PJ is installed on each of the RIT Computer Science Department's
parallel computers.
- SMP parallel computers
- Cluster parallel computer
- Frontend computer -- paranoia.cs.rit.edu -- UltraSPARC-II CPU, 296 MHz clock, 192 MB main memory
- 32 backend computers -- thug01 through thug32 -- each an UltraSPARC-IIe CPU, 650 MHz clock, 1 GB main memory
- 100-Mbps switched Ethernet backend interconnection network
- Aggregate 21 GHz clock, 32 GB main memory
- Hybrid SMP cluster parallel computer
- Frontend computer -- tardis.cs.rit.edu -- UltaSPARC-IIe CPU, 650 MHz clock, 512 MB main memory
- 10 backend computers -- dr00 through dr09 -- each with two AMD Opteron 2218 dual-core CPUs, four processors, 2.6 GHz clock, 8 GB main memory
- 1-Gbps switched Ethernet backend interconnection network
- Aggregate 104 GHz clock, 80 GB main memory
Setting Up Your Account to Access the Parallel Computers
Running Parallel Java programs on the parallel computers
requires you to set up SSH public key authentication
in your account.
Log into your CS Department account
and type the commands below.
-
mkdir .ssh
This command creates the directory
where SSH configuration files are stored.
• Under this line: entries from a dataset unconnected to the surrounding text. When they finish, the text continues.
section \<open>Weak convergence of nonexpansive iterations\<close>

lemma metric_proj_Fejer_convergent:
  fixes G :: "'a::{real_inner,complete_space} set"
  assumes G: "G \<noteq> {}" "closed G" "convex G"
    and Fejer: "\<And>q k m. q \<in> G \<Longrightarrow> k \<le> m \<Longrightarrow> norm (x m - q) \<le> norm (x k - q)"
  shows "\<exists>p\<in>G. (\<lambda>k. metric_proj G (x k)) \<longlonglongrightarrow> p"
proof -
  define P where "P k = metric_proj G (x k)" for k
  define d where "d k = norm (x k - P k)" for k
  have P: "P k \<in> G" for k unfolding P_def by (rule metric_proj_in[OF G])
  have d_mono: "d m \<le> d k" if "k \<le> m" for k m
    using metric_proj_le[OF G P[of k], of "x m"] Fejer[OF P[of k] that] unfolding d_def P_def by simp
  have P_dist: "(norm (P m - P k))\<^sup>2 \<le> (d k)\<^sup>2 - (d m)\<^sup>2" if "k \<le> m" for k m
  proof -
    have "inner (x m - P m) (P k - P m) \<le> 0"
      unfolding P_def by (rule metric_proj_inner_le[OF G]) (use P[of k] P_def in simp)
    moreover have "(norm (x m - P k))\<^sup>2
        = (d m)\<^sup>2 + (norm (P m - P k))\<^sup>2 - 2 * inner (x m - P m) (P k - P m)"
      unfolding d_def power2_norm_eq_inner
      by (simp add: inner_diff_left inner_diff_right inner_commute algebra_simps)
    moreover have "(norm (x m - P k))\<^sup>2 \<le> (d k)\<^sup>2"
      using Fejer[OF P that] unfolding d_def by (intro power_mono) auto
    ultimately show ?thesis by linarith
  qed
  have "decseq (\<lambda>k. (d k)\<^sup>2)"
    unfolding decseq_def using d_mono by (simp add: d_def power_mono)
  then obtain L where L: "(\<lambda>k. (d k)\<^sup>2) \<longlonglongrightarrow> L" "\<And>k. L \<le> (d k)\<^sup>2"
    using decseq_convergent[of "\<lambda>k. (d k)\<^sup>2" 0] by auto
  have "(norm (P m - P k))\<^sup>2 \<le> ((d m)\<^sup>2 - L) + ((d k)\<^sup>2 - L)" for m k
    using P_dist[of k m] P_dist[of m k] L(2)[of m] L(2)[of k]
    by (cases "k \<le> m") (auto simp: norm_minus_commute)
  moreover have "(\<lambda>k. (d k)\<^sup>2 - L) \<longlonglongrightarrow> 0" using LIM_zero[OF L(1)] .
  ultimately have "Cauchy P" by (rule Cauchy_if_power2_dist_bounded)
  then obtain p where P_lim: "P \<longlonglongrightarrow> p" using Cauchy_convergent_iff convergent_def by blast
  moreover have "p \<in> G" using closed_sequentially[OF G(2) P P_lim] .
  ultimately show ?thesis unfolding P_def by blast
qed

lemma inner_le_of_metric_proj_tendsto:
  fixes G :: "'a::{real_inner,complete_space} set"
  assumes G: "G \<noteq> {}" "closed G" "convex G"
    and Fejer: "\<And>q k m. q \<in> G \<Longrightarrow> k \<le> m \<Longrightarrow> norm (x m - q) \<le> norm (x k - q)"
    and p: "(\<lambda>k. metric_proj G (x k)) \<longlonglongrightarrow> p" and c: "c \<in> G"
  shows "\<exists>e. e \<longlonglongrightarrow> 0 \<and> (\<forall>k. inner (x k - p) (c - p) \<le> e k)"
proof (intro exI conjI allI)
  define P where "P k = metric_proj G (x k)" for k
  have P: "P k \<in> G" for k unfolding P_def by (rule metric_proj_in[OF G])
  define R where "R = norm (x 0 - P 0) + norm (c - p)"
  have "(\<lambda>k. norm (P k - p)) \<longlonglongrightarrow> 0"
    using p unfolding P_def by (simp add: LIM_zero tendsto_norm_zero)
  then show "(\<lambda>k. R * norm (P k - p)) \<longlonglongrightarrow> 0" by (rule tendsto_mult_right_zero)
  fix k
  have "inner (x k - P k) (c - P k) \<le> 0"
    unfolding P_def by (rule metric_proj_inner_le[OF G c])
  moreover have "norm (x k - P k) \<le> norm (x 0 - P 0)"
    using metric_proj_le[OF G P[of 0], of "x k"] Fejer[OF P[of 0], of 0 k] unfolding P_def by simp
  then have "inner (x k - P k) (P k - p) \<le> norm (x 0 - P 0) * norm (P k - p)"
    by (intro order_trans[OF norm_cauchy_schwarz] mult_right_mono) auto
  moreover have "inner (P k - p) (c - p) \<le> norm (P k - p) * norm (c - p)"
    by (rule norm_cauchy_schwarz)
  moreover have "inner (x k - p) (c - p)
      = inner (x k - P k) (c - P k) + inner (x k - P k) (P k - p) + inner (P k - p) (c - p)"
    by (simp add: inner_diff_left inner_diff_right inner_commute algebra_simps)
  ultimately show "inner (x k - p) (c - p) \<le> R * norm (P k - p)"
    unfolding R_def by (simp add: algebra_simps)
qed

lemma weakly_convergesI_subseq:
  fixes x :: "nat \<Rightarrow> 'a::real_inner"
  assumes no_subseq: "\<And>z \<epsilon> (\<sigma> :: nat \<Rightarrow> nat). 0 < \<epsilon> \<Longrightarrow> strict_mono \<sigma> \<Longrightarrow> \<not> (\<forall>j. \<epsilon> \<le> inner (x (\<sigma> j) - p) z)"
  shows "weakly_converges x p"
proof -
  have ev: "eventually (\<lambda>k. inner (x k - p) z < \<epsilon>) sequentially" if "0 < \<epsilon>" for z \<epsilon>
  proof (rule ccontr)
    assume "\<not> eventually (\<lambda>k. inner (x k - p) z < \<epsilon>) sequentially"
    then have inf: "infinite {k. \<epsilon> \<le> inner (x k - p) z}"
      by (simp add: not_eventually frequently_cofinite[symmetric] cofinite_eq_sequentially not_less)
    have "\<forall>j. \<epsilon> \<le> inner (x (enumerate {k. \<epsilon> \<le> inner (x k - p) z} j) - p) z"
      using enumerate_in_set[OF inf] by simp
    then show False
      using no_subseq[where \<sigma> = "enumerate {k. \<epsilon> \<le> inner (x k - p) z}"] that
        strict_mono_enumerate[OF inf] by blast
  qed
  show ?thesis unfolding weakly_converges_def
  proof (intro allI tendstoI)
    fix z and \<epsilon> :: real assume "0 < \<epsilon>"
    from ev[OF this, of z] ev[OF this, of "- z"]
    show "eventually (\<lambda>k. dist (inner (x k) z) (inner p z) < \<epsilon>) sequentially"
      by eventually_elim (simp add: dist_real_def inner_diff_left abs_less_iff)
  qed
qed

lemma weakly_converges_asymptotically_regular:
  fixes T :: "'a::{real_inner,complete_space} \<Rightarrow> 'a"
  assumes nonexp: "\<And>a b. norm (T a - T b) \<le> norm (a - b)"
    and bounded: "\<And>k. norm (x k) \<le> M"
    and regular: "(\<lambda>k. norm (x k - T (x k))) \<longlonglongrightarrow> 0"
    and inner_le: "\<And>c. T c = c \<Longrightarrow> \<exists>e. e \<longlonglongrightarrow> 0 \<and> (\<forall>k. inner (x k - p) (c - p) \<le> e k)"
  shows "weakly_converges x p"
proof (rule weakly_convergesI_subseq, rule notI)
  fix z \<epsilon> and \<sigma> :: "nat \<Rightarrow> nat"
  assume \<epsilon>: "0 < \<epsilon>" and \<sigma>: "strict_mono \<sigma>" and away: "\<forall>j. \<epsilon> \<le> inner (x (\<sigma> j) - p) z"
  define u where "u = x \<circ> \<sigma>"
  let ?r = "asymptotic_radius_sq u"
  have bounded_u: "norm (u j) \<le> M" for j unfolding u_def using bounded by simp
  obtain c where c: "\<And>y. ?r c \<le> ?r y"
    using asymptotic_radius_sq_has_minimum[where u = u and M = M, OF bounded_u] by blast
  have "(\<lambda>j. norm (u j - T (u j))) \<longlonglongrightarrow> 0"
    using LIMSEQ_subseq_LIMSEQ[OF regular \<sigma>] unfolding u_def by (simp add: o_def)
  then have "T c = c"
    by (rule asymptotic_center_fixed_point[where u = u and M = M, OF bounded_u nonexp _ c])
  then obtain e where e: "e \<longlonglongrightarrow> 0" "\<And>k. inner (x k - p) (c - p) \<le> e k"
    using inner_le by blast
  have "inner (u j - p) (c - p) \<le> (e \<circ> \<sigma>) j" for j unfolding u_def using e(2) by simp
  then have "?r p + (norm (p - c))\<^sup>2 \<le> ?r c"
    by (rule asymptotic_radius_sq_add_le[where u = u and M = M,
          OF bounded_u LIMSEQ_subseq_LIMSEQ[OF e(1) \<sigma>]])
  moreover have "\<epsilon> \<le> inner (u j - p) z" for j unfolding u_def using away by simp
  then have "?r (p + (\<epsilon> / (norm z)\<^sup>2) *\<^sub>R z) < ?r p"
    by (rule asymptotic_radius_sq_descent[where u = u and M = M, OF bounded_u \<epsilon>])
  ultimately show False
    using c[of "p + (\<epsilon> / (norm z)\<^sup>2) *\<^sub>R z"] zero_le_power2[of "norm (p - c)"] by linarith
qed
Type this command only if you do not already have
a .ssh directory in your home directory.
-
cd .ssh
This command changes the current directory
to the directory where SSH configuration files are stored.
-
cp /home/fac/ark/public_html/known_hosts .
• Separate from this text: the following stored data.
lemma ex_thompson_inv_less:
  assumes "\<exists>i<Suc (Suc n). z i"
  shows "\<exists>i<Suc n. thompson_inv z i"
proof (rule ccontr)
  assume a: "\<not> (\<exists>i<Suc n. thompson_inv z i)"
  then have "z = prepend [False] (thompson_inv z)"
    using thompson_thompson_inv[of z] unfolding thompson_def by simp
  then have "\<not> z i" if "i < Suc (Suc n)" for i
    using a that by (cases i) (metis prepend_Cons_0, metis Suc_less_eq prepend_Cons_Suc prepend_Nil)
  then show False using assms by blast
qed

lemma thompson_inv_funpow_into_11:
  "\<exists>i<Suc n. z i \<Longrightarrow> (thompson_inv ^^ Suc n) z 0 \<and> (thompson_inv ^^ Suc n) z 1"
proof (induction n arbitrary: z)
  case 0
  then show ?case using thompson_inv_into_11 by simp
next
  case (Suc n)
  then show ?case
    using ex_thompson_inv_less[OF Suc.prems] by (simp only: funpow_Suc_right comp_apply)
qed

lemma flip_prefix_11_into_10:
  "z 0 \<Longrightarrow> z 1 \<Longrightarrow> flip_prefix [False, True] z 0 \<and> \<not> flip_prefix [False, True] z 1"
  by (simp add: flip_prefix_def)

text \<open>Flipping by a prefix of x0 puts a 1 among the first n + 1 bits of every point of E. The
  inverse Thompson map moves the first 1 one place to the left until it is the first bit, and maps
  [1] into [11].\<close>

lemma rational_conjugator_into_10:
  assumes "\<And>y. agree n y x0 \<Longrightarrow> y \<notin> E"
  obtains \<phi> where "\<phi> \<in> rational_homeos" "\<And>y. y \<in> E \<Longrightarrow> \<phi> y 0 \<and> \<not> \<phi> y 1"
proof -
  let ?u = "stake (Suc n) x0"
  define \<phi> where "\<phi> = flip_prefix [False, True] \<circ> (thompson_inv ^^ Suc n) \<circ> flip_prefix ?u"
  have "\<phi> \<in> rational_homeos"
    unfolding \<phi>_def by (intro rational_homeos_comp flip_prefix_in_rational_homeos
      rational_homeos_funpow thompson_inv_in_rational_homeos)
  moreover have "\<phi> y 0 \<and> \<not> \<phi> y 1" if "y \<in> E" for y
  proof -
    have "\<not> agree n y x0" using assms that by blast
    then obtain i where i: "i < n" "y i \<noteq> x0 i"
      unfolding agree_def by blast
    then have "flip_prefix ?u y i" by (simp add: flip_prefix_def)
    then have "\<exists>i<Suc n. flip_prefix ?u y i" using i(1) less_SucI by blast
    then have "(thompson_inv ^^ Suc n) (flip_prefix ?u y) 0 \<and> (thompson_inv ^^ Suc n) (flip_prefix ?u y) 1"
      by (rule thompson_inv_funpow_into_11)
    then show ?thesis
      unfolding \<phi>_def comp_apply using flip_prefix_11_into_10 by blast
  qed
  ultimately show ?thesis by (rule that)
qed

lemma small_support_conjugate_supported_in_10:
  assumes "f \<in> rational_homeos" "small_support f"
  obtains \<phi> where "\<phi> \<in> rational_homeos"
    "\<And>x. \<not> (x 0 \<and> \<not> x 1) \<Longrightarrow> (\<phi> \<circ> f \<circ> inv_into UNIV \<phi>) x = x"
proof -
  obtain E where E: "clopen_cantor E" "E \<noteq> UNIV" "\<And>x. x \<notin> E \<Longrightarrow> f x = x"
    using assms(2) unfolding small_support_def by blast
  obtain x0 where x0: "x0 \<notin> E" using E(2) by blast
  have "openin cantor_top (UNIV - E)"
    using E(1) unfolding clopen_cantor_def closedin_def by simp
  moreover have "x0 \<in> UNIV - E" using x0 by simp
  ultimately obtain n where "{y. agree n y x0} \<subseteq> UNIV - E"
    by (rule openin_cantor_top_cylinder)
  then obtain \<phi> where \<phi>: "\<phi> \<in> rational_homeos" "\<And>y. y \<in> E \<Longrightarrow> \<phi> y 0 \<and> \<not> \<phi> y 1"
    using rational_conjugator_into_10 by blast
  have "bij \<phi>" using \<phi>(1) rational_homeos_iff by blast
  have "(\<phi> \<circ> f \<circ> inv_into UNIV \<phi>) x = x" if "\<not> (x 0 \<and> \<not> x 1)" for x
  proof -
    have x: "\<phi> (inv_into UNIV \<phi> x) = x"
      using \<open>bij \<phi>\<close> by (simp add: bij_is_surj surj_f_inv_f)
    have "inv_into UNIV \<phi> x \<notin> E"
    proof
      assume "inv_into UNIV \<phi> x \<in> E"
      then have "\<phi> (inv_into UNIV \<phi> x) 0 \<and> \<not> \<phi> (inv_into UNIV \<phi> x) 1" by (rule \<phi>(2))
      then show False using that x by simp
    qed
    then show ?thesis using E(3) x by simp
  qed
  then show ?thesis using that \<phi>(1) by blast
qed

lemma conjugate_commutation:
  assumes "bij p" "s \<circ> t = k \<circ> t \<circ> s"
  shows "(inv_into UNIV p \<circ> s \<circ> p) \<circ> (inv_into UNIV p \<circ> t \<circ> p)
    = (inv_into UNIV p \<circ> k \<circ> p) \<circ> (inv_into UNIV p \<circ> t \<circ> p) \<circ> (inv_into UNIV p \<circ> s \<circ> p)"
proof -
  have "s (t y) = k (t (s y))" for y
    using assms(2) by (metis comp_apply)
  then show ?thesis
    using assms(1) by (simp add: fun_eq_iff bij_is_surj surj_f_inv_f)
qed

lemma commutation_imp_in_derived_RG:
  assumes "a \<in> rational_homeos" "b \<in> rational_homeos" "a \<circ> b = f \<circ> b \<circ> a"
  shows "f \<in> derived RG (carrier RG)"
proof -
  have "bij a" "bij b" using assms(1,2) rational_homeos_iff by blast+
  then have "b \<circ> a \<circ> inv_into UNIV a \<circ> inv_into UNIV b = id"
    by (simp add: fun_eq_iff bij_is_surj surj_f_inv_f)
  then have "a \<circ> b \<circ> inv_into UNIV a \<circ> inv_into UNIV b = f"
    using assms(3) by (metis comp_assoc comp_id)
  then show ?thesis using commutator_in_derived_RG[OF assms(1,2)] by simp
qed

theorem lemma2p7:
  assumes "f \<in> rational_homeos" and "small_support f"
  shows "f \<in> derived RG (carrier RG)"
proof -
  obtain \<phi> where \<phi>: "\<phi> \<in> rational_homeos"
    and supported_10: "\<And>x. \<not> (x 0 \<and> \<not> x 1) \<Longrightarrow> (\<phi> \<circ> f \<circ> inv_into UNIV \<phi>) x = x"
    using small_support_conjugate_supported_in_10[OF assms] by blast
  let ?k = "\<phi> \<circ> f \<circ> inv_into UNIV \<phi>" and ?\<psi> = "inv_into UNIV \<phi>"
  have k: "?k \<in> rational_homeos"
    using \<phi> assms(1) by (intro rational_homeos_comp rational_homeos_inv)
  have "bij \<phi>" using \<phi> rational_homeos_iff by blast
  then have f: "?\<psi> \<circ> ?k \<circ> \<phi> = f"
    by (simp add: fun_eq_iff bij_is_inj bij_is_surj surj_f_inv_f)
  have "?\<psi> \<circ> swindle ?k \<circ> \<phi> \<in> rational_homeos"
    by (intro rational_homeos_comp rational_homeos_inv \<phi> swindle_in_rational_homeos[OF k supported_10])
  moreover have "?\<psi> \<circ> thompson \<circ> \<phi> \<in> rational_homeos"
    by (intro rational_homeos_comp rational_homeos_inv \<phi> thompson_in_rational_homeos)
  moreover have "(?\<psi> \<circ> swindle ?k \<circ> \<phi>) \<circ> (?\<psi> \<circ> thompson \<circ> \<phi>)
      = f \<circ> (?\<psi> \<circ> thompson \<circ> \<phi>) \<circ> (?\<psi> \<circ> swindle ?k \<circ> \<phi>)"
    using conjugate_commutation[OF \<open>bij \<phi>\<close> swindle_thompson_commute[OF k supported_10]] unfolding f .
  ultimately show ?thesis by (rule commutation_imp_in_derived_RG)
qed

end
This command copies a file named known_hosts
into your .ssh directory.
Each line of this file contains the RSA public key
for one of the parallel computers (hosts).
SSH uses this public key
to authenticate the host it is logging into.
-
ssh-keygen -t rsa
This command creates an RSA public/private key pair
for your account.
When it asks you for a file in which to save the key, hit return.
When it asks you for a passphrase, hit return.
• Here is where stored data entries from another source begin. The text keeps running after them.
lemma three_lines:
  fixes g :: "complex \<Rightarrow> complex"
  assumes hol: "g holomorphic_on {z. 0 < Re z \<and> Re z < 1}"
    and cont: "continuous_on strip g"
    and bdd: "\<And>z. z \<in> strip \<Longrightarrow> cmod (g z) \<le> C"
    and b0: "\<And>y. cmod (g (\<i> * complex_of_real y)) \<le> M"
    and b1: "\<And>y. cmod (g (1 + \<i> * complex_of_real y)) \<le> M"
    and t: "0 \<le> t" "t \<le> 1"
  shows "cmod (g (complex_of_real t)) \<le> M"
proof -
  have "((\<lambda>d. (M + d) * (1 + d)) \<longlongrightarrow> (M + 0) * (1 + 0)) (at_right 0)"
    by (intro tendsto_intros)
  then have "((\<lambda>d. (M + d) * (1 + d)) \<longlongrightarrow> M) (at_right 0)" by simp
  then show ?thesis
    by (rule tendsto_lowerbound)
       (auto intro: eventually_mono[OF eventually_at_right_less] three_lines_damped[OF assms])
qed

section \<open>Interpolation of Hilbert--Schmidt sandwiches\<close>

definition bounded_holomorphic_family :: "(complex \<Rightarrow> 'n::finite cmat) \<Rightarrow> bool" where
  "bounded_holomorphic_family A \<longleftrightarrow>
     (\<forall>j k. (\<lambda>z. A z $j$k) holomorphic_on {z. 0 < Re z \<and> Re z < 1} \<and>
            continuous_on strip (\<lambda>z. A z $j$k)) \<and>
     (\<exists>C. \<forall>z\<in>strip. norm (A z) \<le> C)"

lemma bounded_holomorphic_family_const: "bounded_holomorphic_family (\<lambda>z. W)"
  unfolding bounded_holomorphic_family_def by auto

lemma bounded_holomorphic_family_mult:
  assumes "bounded_holomorphic_family A" "bounded_holomorphic_family B"
  shows "bounded_holomorphic_family (\<lambda>z. A z ** B z)"
proof -
  obtain CA CB where CA: "\<forall>z\<in>strip. norm (A z) \<le> CA" and CB: "\<forall>z\<in>strip. norm (B z) \<le> CB"
    using assms unfolding bounded_holomorphic_family_def by blast
  have "norm (A z ** B z) \<le> CA * CB" if "z \<in> strip" for z
    using CA CB that
    by (intro order_trans[OF norm_matrix_mult_le] mult_mono) (auto intro: order_trans[OF norm_ge_zero])
  then show ?thesis
    using assms unfolding bounded_holomorphic_family_def matrix_mult_nth
    by (auto intro!: holomorphic_on_sum holomorphic_on_mult continuous_on_sum continuous_on_mult)
qed

lemma bounded_holomorphic_family_coefficient:
  assumes F: "admissible F"
  shows "bounded_holomorphic_family (\<lambda>z. F z i)"
proof -
  have l2: "l2seq (F z)" if "z \<in> strip" for z using F that by (simp add: admissible_def)
  have "continuous_on strip (\<lambda>z. F z i $j$k)" for j k
    unfolding continuous_on_iff
  proof (intro ballI allI impI)
    fix z e assume z: "z \<in> strip" and e: "(0::real) < e"
    obtain d where "d > 0" and d: "\<forall>w\<in>strip. dist w z < d \<longrightarrow> l2norm (\<lambda>i. F w i - F z i) < e"
      using F z e unfolding admissible_def by blast
    moreover have "dist (F w i $j$k) (F z i $j$k) < e" if "w \<in> strip" "dist w z < d" for w
    proof -
      have "dist (F w i $j$k) (F z i $j$k) \<le> norm (F w i - F z i)"
        using entry_le_norm[of "F w i - F z i" j k] by (simp add: dist_norm)
      also have "\<dots> \<le> l2norm (\<lambda>i. F w i - F z i)"
        using norm_le_l2norm[OF l2seq_diff[OF l2[OF that(1)] l2[OF z]]] by simp
      finally show ?thesis using d that by fastforce
    qed
    ultimately show "\<exists>d>0. \<forall>w\<in>strip. dist w z < d \<longrightarrow> dist (F w i $j$k) (F z i $j$k) < e" by blast
  qed
  moreover obtain C where "\<forall>z\<in>strip. l2norm (F z) \<le> C" using F unfolding admissible_def by blast
  then have "\<forall>z\<in>strip. norm (F z i) \<le> C" using norm_le_l2norm l2 order_trans by blast
  ultimately show ?thesis using F unfolding bounded_holomorphic_family_def admissible_def by blast
qed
When it asks you for the passphrase again, hit return.
You now have two files in your .ssh directory:
id_rsa.pub contains your public key,
id_rsa contains your private key.
-
cp id_rsa.pub authorized_keys
This command puts a copy of your public key
into the file authorized_keys.
This tells SSH to use your public key for authentication
when logging into your account.
-
chmod 600 *
This command makes all files in your .ssh directory
readable and writable only by you.
This command is critical!
If you do not do this command,
other users will be able to log into your account
without needing to know your password!
-
chmod 700 .
This command makes the .ssh directory itself
accessible only by you.
This command is critical!
If you do not do this command,
other users will be able to log into your account
without needing to know your password!
You still have to type your password
when you first log into your account.
But once you are logged in,
you -- and the Parallel Java middleware --
will be able to SSH into your own account
on any of the CS Department parallel computers
without having to type your password.
Instead, SSH will authenticate you
using the information in the files in your .ssh directory.
A final reminder:
If these files are accessible to anyone other than yourself,
other users will be able to log into your account
without needing to know your password!
Don't Run a Shell From Your .login or .cshrc File
Some folks don't like the default shell
they get when they log in,
so they put a command
in their .login or .cshrc file
to run some other shell.
If you do this, Parallel Java jobs will not work.
Take this command out of
the .login or .cshrc file
immediately!
The reason Parallel Java jobs will not work
is that when the Parallel Java Job Scheduler
starts a job,
the Job Scheduler actually logs into your account using ssh
(with public key authentication as described above)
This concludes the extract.